Dataset items:

#####

lemma bivirus_field_Taylor:
  fixes bH bL gH gL qHL qLH \<alpha> zS x y u v :: real
  defines "b \<equiv> bH * (\<alpha> * zS + 1 - zS)" and "c \<equiv> bL * (\<alpha> * zS + 1 - zS)"
  shows "bivirus_field bH bL gH gL qHL qLH \<alpha> zS (x + u, y + v)
    = bivirus_field bH bL gH gL qHL qLH \<alpha> zS (x, y)
      + ((b * (1 - 2 * x - y) - qHL - gH) * u + (qLH - b * x) * v,
         (qHL - c * y) * u + (c * (1 - x - 2 * y) - qLH - gL) * v)
      - (b * u * (u + v), c * v * (u + v))"
  unfolding bivirus_field_def b_def c_def Let_def by (simp add: algebra_simps)

lemma bivirus_endemic_Jacobian_Hurwitz:
  fixes b c gH gL qHL qLH x y :: real
  assumes "b > 0" "c > 0" "qHL \<ge> 0" "qLH \<ge> 0" "x > 0" "y > 0"
    and distinct_R0: "b * gL \<noteq> c * gH"
    and eqH: "b * x * (1 - x - y) + qLH * y - (qHL + gH) * x = 0"
    and eqL: "c * y * (1 - x - y) + qHL * x - (qLH + gL) * y = 0"
  defines "a11 \<equiv> b * (1 - 2 * x - y) - qHL - gH" and "a12 \<equiv> qLH - b * x"
    and "a21 \<equiv> qHL - c * y" and "a22 \<equiv> c * (1 - x - 2 * y) - qLH - gL"
  shows "a11 * a22 - a12 * a21 > 0" and "a11 + a22 < 0"
proof -
  have a11: "a11 = - qLH * y / x - b * x"
    using eqH \<open>x > 0\<close> unfolding a11_def by (simp add: field_simps)
  have a22: "a22 = - qHL * x / y - c * y"
    using eqL \<open>y > 0\<close> unfolding a22_def by (simp add: field_simps)
  have "qLH > 0 \<or> qHL > 0"
  proof (rule ccontr)
    assume "\<not> (qLH > 0 \<or> qHL > 0)"
    then have "qLH = 0" "qHL = 0"
      using assms(3,4) by auto
    then have "(b * (1 - x - y) - gH) * x = b * x * (1 - x - y) + qLH * y - (qHL + gH) * x"
      "(c * (1 - x - y) - gL) * y = c * y * (1 - x - y) + qHL * x - (qLH + gL) * y"
      by (simp_all add: algebra_simps)
    then have "b * (1 - x - y) = gH" "c * (1 - x - y) = gL"
      using eqH eqL \<open>x > 0\<close> \<open>y > 0\<close> by simp_all
    then show False
      using distinct_R0 by (metis mult.assoc mult.commute)
  qed
  then have "qLH * c * y * (y / x + 1) > 0 \<or> b * qHL * x * (x / y + 1) > 0"
    using assms(1-6) by (metis add_pos_pos divide_pos_pos mult_pos_pos zero_less_one)
  moreover have "qLH * c * y * (y / x + 1) \<ge> 0" "b * qHL * x * (x / y + 1) \<ge> 0"
    using assms(1-6) by simp_all
  ultimately have "qLH * c * y * (y / x + 1) + b * qHL * x * (x / y + 1) > 0"
    by linarith
  moreover have "a11 * a22 - a12 * a21 = qLH * c * y * (y / x + 1) + b * qHL * x * (x / y + 1)"
    using \<open>x > 0\<close> \<open>y > 0\<close> unfolding a11 a22 a12_def a21_def by (simp add: field_simps)
  ultimately show "a11 * a22 - a12 * a21 > 0"
    by simp
  have "qLH * y / x \<ge> 0" "qHL * x / y \<ge> 0" "b * x > 0" "c * y > 0"
    using assms(1-6) by simp_all
  then show "a11 + a22 < 0"
    unfolding a11 a22 by simp
qed

lemma norm_bivirus_remainder_le:
  fixes b c u v :: real
  shows "norm (b * u * (u + v), c * v * (u + v)) \<le> 2 * (\<bar>b\<bar> + \<bar>c\<bar>) * (norm (u, v))\<^sup>2"
proof -
  define N where "N = norm (u, v)"
  have "\<bar>u\<bar> \<le> N" "\<bar>v\<bar> \<le> N"
    using norm_fst_le[of u v] norm_snd_le[of v u] unfolding N_def by simp_all
  then have "\<bar>u + v\<bar> \<le> 2 * N"
    by linarith
  then have "\<bar>b * u * (u + v)\<bar> \<le> \<bar>b\<bar> * (N * (2 * N))"
    and "\<bar>c * v * (u + v)\<bar> \<le> \<bar>c\<bar> * (N * (2 * N))"
    using \<open>\<bar>u\<bar> \<le> N\<close> \<open>\<bar>v\<bar> \<le> N\<close>
    by (simp_all add: abs_mult mult.assoc mult_left_mono mult_mono)
  then show ?thesis
    using norm_Pair_le[of "b * u * (u + v)" "c * v * (u + v)"] unfolding N_def
    by (simp add: power2_eq_square algebra_simps)
qed

theorem lemma2:
  fixes bH bL gH gL qHL qLH \<alpha> zS iH iL :: real
  assumes "bH > 0" "bL > 0" "gH > 0" "gL > 0"
    and "bH / gH > bL / gL" and "bH > bL"
    and "qHL \<ge> 0" "qLH \<ge> 0"
    and "0 < \<alpha>" "\<alpha> < 1"
    and "0 \<le> zS" "zS \<le> 1"
    and "0 < iH" "iH < 1" "0 < iL" "iL < 1"
    and "bivirus_field bH bL gH gL qHL qLH \<alpha> zS (iH, iL) = (0, 0)"
  shows "locally_stable (bivirus_field bH bL gH gL qHL qLH \<alpha> zS) (iH, iL)"
proof -
  define F where "F = bivirus_field bH bL gH gL qHL qLH \<alpha> zS"
  define k where "k = \<alpha> * zS + 1 - zS"
  define b where "b = bH * k"
  define c where "c = bL * k"
  have "k > 0"
    using assms(9-12) mult_left_le[of zS "1 - \<alpha>"] unfolding k_def by (simp add: algebra_simps)
  then have rates: "b > 0" "c > 0" and distinct_R0: "b * gL \<noteq> c * gH"
    using assms(1-5) unfolding b_def c_def by (simp_all add: field_simps)
  have equilibrium: "b * iH * (1 - iH - iL) + qLH * iL - (qHL + gH) * iH = 0"
    "c * iL * (1 - iH - iL) + qHL * iH - (qLH + gL) * iL = 0"
    using assms(17) unfolding bivirus_field_def b_def c_def k_def Let_def by simp_all
  note Hurwitz = bivirus_endemic_Jacobian_Hurwitz[OF rates assms(7,8,13,15) distinct_R0 equilibrium]
  have "norm (F (iH + u, iL + v) - ((b * (1 - 2 * iH - iL) - qHL - gH) * u + (qLH - b * iH) * v,
      (qHL - c * iL) * u + (c * (1 - iH - 2 * iL) - qLH - gL) * v))
    \<le> 2 * (\<bar>b\<bar> + \<bar>c\<bar>) * (norm (u, v))\<^sup>2" for u v
    using bivirus_field_Taylor[where x = iH and y = iL] assms(17)
      norm_bivirus_remainder_le[of b u v c]
    unfolding F_def b_def c_def k_def by (simp add: norm_Pair)
  with Hurwitz show ?thesis
    unfolding F_def by (rule locally_stable_planar_linearization)
qed

end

#####

● Task details: Copy the lines above exactly, beginning at the line that has "qLH \<alpha> zS (x, y)" and stopping after the line that has "fixes b c gH gL qHL qLH x y :: real", and omit the rest.

● Final answer:
    = bivirus_field bH bL gH gL qHL qLH \<alpha> zS (x, y)
      + ((b * (1 - 2 * x - y) - qHL - gH) * u + (qLH - b * x) * v,
         (qHL - c * y) * u + (c * (1 - x - 2 * y) - qLH - gL) * v)
      - (b * u * (u + v), c * v * (u + v))"
  unfolding bivirus_field_def b_def c_def Let_def by (simp add: algebra_simps)

lemma bivirus_endemic_Jacobian_Hurwitz:
  fixes b c gH gL qHL qLH x y :: real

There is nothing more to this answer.